_WORK INSTRUCTIONS_. The answer must be a single number: the count of lines in the records below that contain the word "linarith".

GIVEN DATA Start Marker

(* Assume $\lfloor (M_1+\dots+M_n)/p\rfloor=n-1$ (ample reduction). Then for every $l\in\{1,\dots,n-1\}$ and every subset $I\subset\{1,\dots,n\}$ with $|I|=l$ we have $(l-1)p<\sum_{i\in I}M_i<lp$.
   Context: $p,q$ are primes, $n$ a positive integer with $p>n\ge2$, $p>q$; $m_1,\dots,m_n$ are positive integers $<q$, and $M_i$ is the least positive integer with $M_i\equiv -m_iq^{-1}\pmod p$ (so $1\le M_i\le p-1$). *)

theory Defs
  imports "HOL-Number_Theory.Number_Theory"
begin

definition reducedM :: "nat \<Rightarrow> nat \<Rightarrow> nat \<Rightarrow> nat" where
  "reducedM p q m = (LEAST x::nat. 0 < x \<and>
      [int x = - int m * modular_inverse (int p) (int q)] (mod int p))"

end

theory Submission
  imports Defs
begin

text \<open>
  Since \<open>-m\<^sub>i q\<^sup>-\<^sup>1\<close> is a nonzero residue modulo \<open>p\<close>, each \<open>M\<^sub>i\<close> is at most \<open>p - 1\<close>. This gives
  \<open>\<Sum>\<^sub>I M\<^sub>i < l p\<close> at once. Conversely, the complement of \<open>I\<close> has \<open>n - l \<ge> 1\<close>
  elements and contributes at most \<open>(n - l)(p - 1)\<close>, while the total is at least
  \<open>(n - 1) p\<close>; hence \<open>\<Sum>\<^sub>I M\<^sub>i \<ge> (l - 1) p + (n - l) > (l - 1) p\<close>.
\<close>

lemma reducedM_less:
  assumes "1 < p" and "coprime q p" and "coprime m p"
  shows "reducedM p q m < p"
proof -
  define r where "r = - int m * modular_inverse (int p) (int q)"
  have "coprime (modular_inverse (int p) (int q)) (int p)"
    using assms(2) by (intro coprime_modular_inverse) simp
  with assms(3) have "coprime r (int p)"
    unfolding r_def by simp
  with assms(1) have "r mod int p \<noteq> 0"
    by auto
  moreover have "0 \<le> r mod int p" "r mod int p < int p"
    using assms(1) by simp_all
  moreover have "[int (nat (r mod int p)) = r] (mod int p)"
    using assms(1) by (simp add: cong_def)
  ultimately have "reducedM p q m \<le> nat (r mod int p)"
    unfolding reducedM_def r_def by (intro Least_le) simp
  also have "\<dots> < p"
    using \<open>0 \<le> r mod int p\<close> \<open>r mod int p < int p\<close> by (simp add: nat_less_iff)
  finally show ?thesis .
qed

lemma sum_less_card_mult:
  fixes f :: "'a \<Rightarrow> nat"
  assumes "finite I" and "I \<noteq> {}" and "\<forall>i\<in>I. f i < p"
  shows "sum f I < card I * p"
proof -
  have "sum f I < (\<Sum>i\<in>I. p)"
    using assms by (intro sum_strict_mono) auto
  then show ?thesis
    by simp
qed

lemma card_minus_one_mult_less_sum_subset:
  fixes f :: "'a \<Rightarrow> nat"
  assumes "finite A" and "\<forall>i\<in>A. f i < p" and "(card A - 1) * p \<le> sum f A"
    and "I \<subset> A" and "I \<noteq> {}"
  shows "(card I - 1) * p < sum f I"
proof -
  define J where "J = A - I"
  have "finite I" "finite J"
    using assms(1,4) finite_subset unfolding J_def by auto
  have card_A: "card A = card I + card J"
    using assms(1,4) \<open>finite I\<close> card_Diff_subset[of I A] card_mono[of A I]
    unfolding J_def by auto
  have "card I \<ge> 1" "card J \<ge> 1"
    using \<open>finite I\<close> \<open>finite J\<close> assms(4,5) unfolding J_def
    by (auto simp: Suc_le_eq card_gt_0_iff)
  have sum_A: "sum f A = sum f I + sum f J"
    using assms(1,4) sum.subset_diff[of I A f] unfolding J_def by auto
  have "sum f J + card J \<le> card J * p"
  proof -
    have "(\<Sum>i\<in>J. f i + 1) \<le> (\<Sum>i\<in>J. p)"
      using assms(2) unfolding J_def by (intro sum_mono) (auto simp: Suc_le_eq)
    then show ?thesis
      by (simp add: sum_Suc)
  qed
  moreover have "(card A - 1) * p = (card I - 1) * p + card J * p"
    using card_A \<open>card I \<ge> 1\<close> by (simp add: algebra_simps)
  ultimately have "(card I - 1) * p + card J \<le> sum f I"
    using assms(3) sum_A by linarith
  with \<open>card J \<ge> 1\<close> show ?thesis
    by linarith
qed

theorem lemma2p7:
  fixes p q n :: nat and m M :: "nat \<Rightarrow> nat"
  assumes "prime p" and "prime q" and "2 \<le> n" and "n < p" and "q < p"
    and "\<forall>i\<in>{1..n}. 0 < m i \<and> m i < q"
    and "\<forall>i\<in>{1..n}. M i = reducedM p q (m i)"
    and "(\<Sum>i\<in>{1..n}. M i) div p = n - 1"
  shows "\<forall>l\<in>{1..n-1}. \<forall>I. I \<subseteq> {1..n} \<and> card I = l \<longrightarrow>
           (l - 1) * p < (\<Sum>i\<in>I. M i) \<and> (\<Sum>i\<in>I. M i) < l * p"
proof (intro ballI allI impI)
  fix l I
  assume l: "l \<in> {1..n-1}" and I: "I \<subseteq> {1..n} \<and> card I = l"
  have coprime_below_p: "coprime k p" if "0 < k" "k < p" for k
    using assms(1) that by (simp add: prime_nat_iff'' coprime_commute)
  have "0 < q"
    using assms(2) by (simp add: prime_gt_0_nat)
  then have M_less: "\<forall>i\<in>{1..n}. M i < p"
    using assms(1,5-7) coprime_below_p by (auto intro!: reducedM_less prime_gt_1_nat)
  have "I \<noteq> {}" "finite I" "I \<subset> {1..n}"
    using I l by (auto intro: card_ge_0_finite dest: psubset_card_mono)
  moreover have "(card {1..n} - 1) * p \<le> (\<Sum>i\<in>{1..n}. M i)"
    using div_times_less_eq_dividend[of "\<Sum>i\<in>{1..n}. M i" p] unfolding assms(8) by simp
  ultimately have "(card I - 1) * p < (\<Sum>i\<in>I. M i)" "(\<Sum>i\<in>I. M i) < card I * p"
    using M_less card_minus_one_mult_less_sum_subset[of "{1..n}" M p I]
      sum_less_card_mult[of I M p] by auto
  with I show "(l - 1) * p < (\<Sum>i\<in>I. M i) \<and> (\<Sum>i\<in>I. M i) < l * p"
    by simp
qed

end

GIVEN DATA End Marker
GIVEN DATA Start Marker

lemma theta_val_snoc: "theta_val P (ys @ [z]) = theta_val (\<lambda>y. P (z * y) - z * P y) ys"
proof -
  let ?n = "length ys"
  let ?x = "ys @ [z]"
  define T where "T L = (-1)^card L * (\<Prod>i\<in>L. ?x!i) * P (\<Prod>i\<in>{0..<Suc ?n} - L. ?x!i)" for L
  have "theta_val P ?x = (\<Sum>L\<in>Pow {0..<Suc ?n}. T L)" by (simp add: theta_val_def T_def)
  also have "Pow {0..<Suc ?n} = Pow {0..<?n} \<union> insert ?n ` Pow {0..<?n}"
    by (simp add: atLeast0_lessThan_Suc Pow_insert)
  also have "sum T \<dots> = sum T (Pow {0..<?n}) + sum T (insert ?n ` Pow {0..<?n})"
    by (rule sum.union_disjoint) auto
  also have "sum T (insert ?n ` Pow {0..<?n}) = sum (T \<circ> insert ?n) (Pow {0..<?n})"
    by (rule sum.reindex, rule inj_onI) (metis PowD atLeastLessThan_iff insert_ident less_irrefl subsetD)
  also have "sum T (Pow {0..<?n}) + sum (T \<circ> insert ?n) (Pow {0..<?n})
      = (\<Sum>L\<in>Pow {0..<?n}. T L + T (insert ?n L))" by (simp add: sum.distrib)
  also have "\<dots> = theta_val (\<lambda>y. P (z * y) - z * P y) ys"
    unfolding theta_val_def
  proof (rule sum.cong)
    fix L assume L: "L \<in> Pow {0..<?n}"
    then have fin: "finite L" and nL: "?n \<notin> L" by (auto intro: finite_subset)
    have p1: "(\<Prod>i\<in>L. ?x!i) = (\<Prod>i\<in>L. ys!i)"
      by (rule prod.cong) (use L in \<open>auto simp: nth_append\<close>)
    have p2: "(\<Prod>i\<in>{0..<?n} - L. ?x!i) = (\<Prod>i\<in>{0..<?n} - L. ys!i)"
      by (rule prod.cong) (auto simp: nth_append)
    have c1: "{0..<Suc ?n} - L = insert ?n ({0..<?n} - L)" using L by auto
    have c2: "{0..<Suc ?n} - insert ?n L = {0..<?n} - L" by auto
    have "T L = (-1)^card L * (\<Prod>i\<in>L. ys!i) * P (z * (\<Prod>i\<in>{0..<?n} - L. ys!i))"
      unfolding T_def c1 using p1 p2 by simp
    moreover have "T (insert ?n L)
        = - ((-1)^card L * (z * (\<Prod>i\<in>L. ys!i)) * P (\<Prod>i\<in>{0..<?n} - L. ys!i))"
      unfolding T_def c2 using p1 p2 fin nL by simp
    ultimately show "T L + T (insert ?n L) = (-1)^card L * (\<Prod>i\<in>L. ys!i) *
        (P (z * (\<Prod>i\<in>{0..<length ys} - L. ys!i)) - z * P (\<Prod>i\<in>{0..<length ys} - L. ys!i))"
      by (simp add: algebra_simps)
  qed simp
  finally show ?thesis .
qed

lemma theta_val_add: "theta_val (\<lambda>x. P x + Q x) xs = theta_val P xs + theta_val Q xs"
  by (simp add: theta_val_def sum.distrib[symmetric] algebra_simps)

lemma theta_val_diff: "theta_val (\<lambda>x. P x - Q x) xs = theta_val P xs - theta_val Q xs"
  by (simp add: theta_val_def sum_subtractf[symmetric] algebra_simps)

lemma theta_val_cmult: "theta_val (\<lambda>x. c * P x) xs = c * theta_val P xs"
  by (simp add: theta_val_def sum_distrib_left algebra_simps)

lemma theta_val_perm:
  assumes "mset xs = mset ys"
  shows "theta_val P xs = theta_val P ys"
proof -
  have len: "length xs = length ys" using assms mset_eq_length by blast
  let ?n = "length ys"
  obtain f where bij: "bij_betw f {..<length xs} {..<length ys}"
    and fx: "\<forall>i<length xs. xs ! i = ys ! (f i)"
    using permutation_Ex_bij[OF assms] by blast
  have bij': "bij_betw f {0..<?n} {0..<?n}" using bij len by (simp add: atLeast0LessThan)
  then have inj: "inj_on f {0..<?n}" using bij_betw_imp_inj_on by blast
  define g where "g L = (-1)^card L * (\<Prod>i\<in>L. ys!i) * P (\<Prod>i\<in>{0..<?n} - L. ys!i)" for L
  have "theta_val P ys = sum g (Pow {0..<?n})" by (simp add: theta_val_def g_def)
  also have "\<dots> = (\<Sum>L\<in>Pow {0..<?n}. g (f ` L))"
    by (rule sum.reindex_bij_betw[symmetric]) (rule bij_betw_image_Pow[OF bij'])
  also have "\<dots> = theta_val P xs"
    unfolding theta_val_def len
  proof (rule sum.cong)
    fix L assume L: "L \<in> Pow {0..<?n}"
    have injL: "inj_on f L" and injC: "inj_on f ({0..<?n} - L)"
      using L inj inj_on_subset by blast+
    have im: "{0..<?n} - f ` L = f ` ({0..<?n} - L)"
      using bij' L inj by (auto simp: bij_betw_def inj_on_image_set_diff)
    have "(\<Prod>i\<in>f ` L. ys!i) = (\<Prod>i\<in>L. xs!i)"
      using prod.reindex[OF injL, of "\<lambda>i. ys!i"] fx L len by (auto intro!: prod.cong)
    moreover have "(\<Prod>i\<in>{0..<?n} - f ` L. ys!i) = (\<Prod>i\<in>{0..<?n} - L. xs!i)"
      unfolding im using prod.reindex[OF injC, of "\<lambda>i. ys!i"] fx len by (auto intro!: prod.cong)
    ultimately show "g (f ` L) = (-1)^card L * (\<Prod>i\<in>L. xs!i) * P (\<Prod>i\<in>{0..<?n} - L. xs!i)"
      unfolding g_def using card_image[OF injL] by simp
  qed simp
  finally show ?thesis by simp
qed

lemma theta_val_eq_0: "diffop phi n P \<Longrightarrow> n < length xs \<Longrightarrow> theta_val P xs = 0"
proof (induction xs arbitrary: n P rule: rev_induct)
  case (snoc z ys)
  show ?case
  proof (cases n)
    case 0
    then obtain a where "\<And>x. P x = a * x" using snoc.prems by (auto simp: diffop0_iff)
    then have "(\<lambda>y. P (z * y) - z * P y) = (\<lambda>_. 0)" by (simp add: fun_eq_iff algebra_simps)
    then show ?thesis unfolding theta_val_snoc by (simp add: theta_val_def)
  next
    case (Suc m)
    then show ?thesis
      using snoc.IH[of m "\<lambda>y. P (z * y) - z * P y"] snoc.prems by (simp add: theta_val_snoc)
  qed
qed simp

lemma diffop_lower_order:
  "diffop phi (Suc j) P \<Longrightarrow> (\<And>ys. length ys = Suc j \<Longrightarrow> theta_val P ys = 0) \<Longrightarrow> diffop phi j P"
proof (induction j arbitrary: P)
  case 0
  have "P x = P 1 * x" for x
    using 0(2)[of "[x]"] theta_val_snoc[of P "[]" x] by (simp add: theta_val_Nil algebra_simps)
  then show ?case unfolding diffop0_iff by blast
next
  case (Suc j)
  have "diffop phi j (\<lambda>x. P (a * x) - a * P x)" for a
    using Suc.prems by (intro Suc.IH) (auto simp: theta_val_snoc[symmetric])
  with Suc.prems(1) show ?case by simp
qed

GIVEN DATA End Marker

_TASK RESPONSE_. 2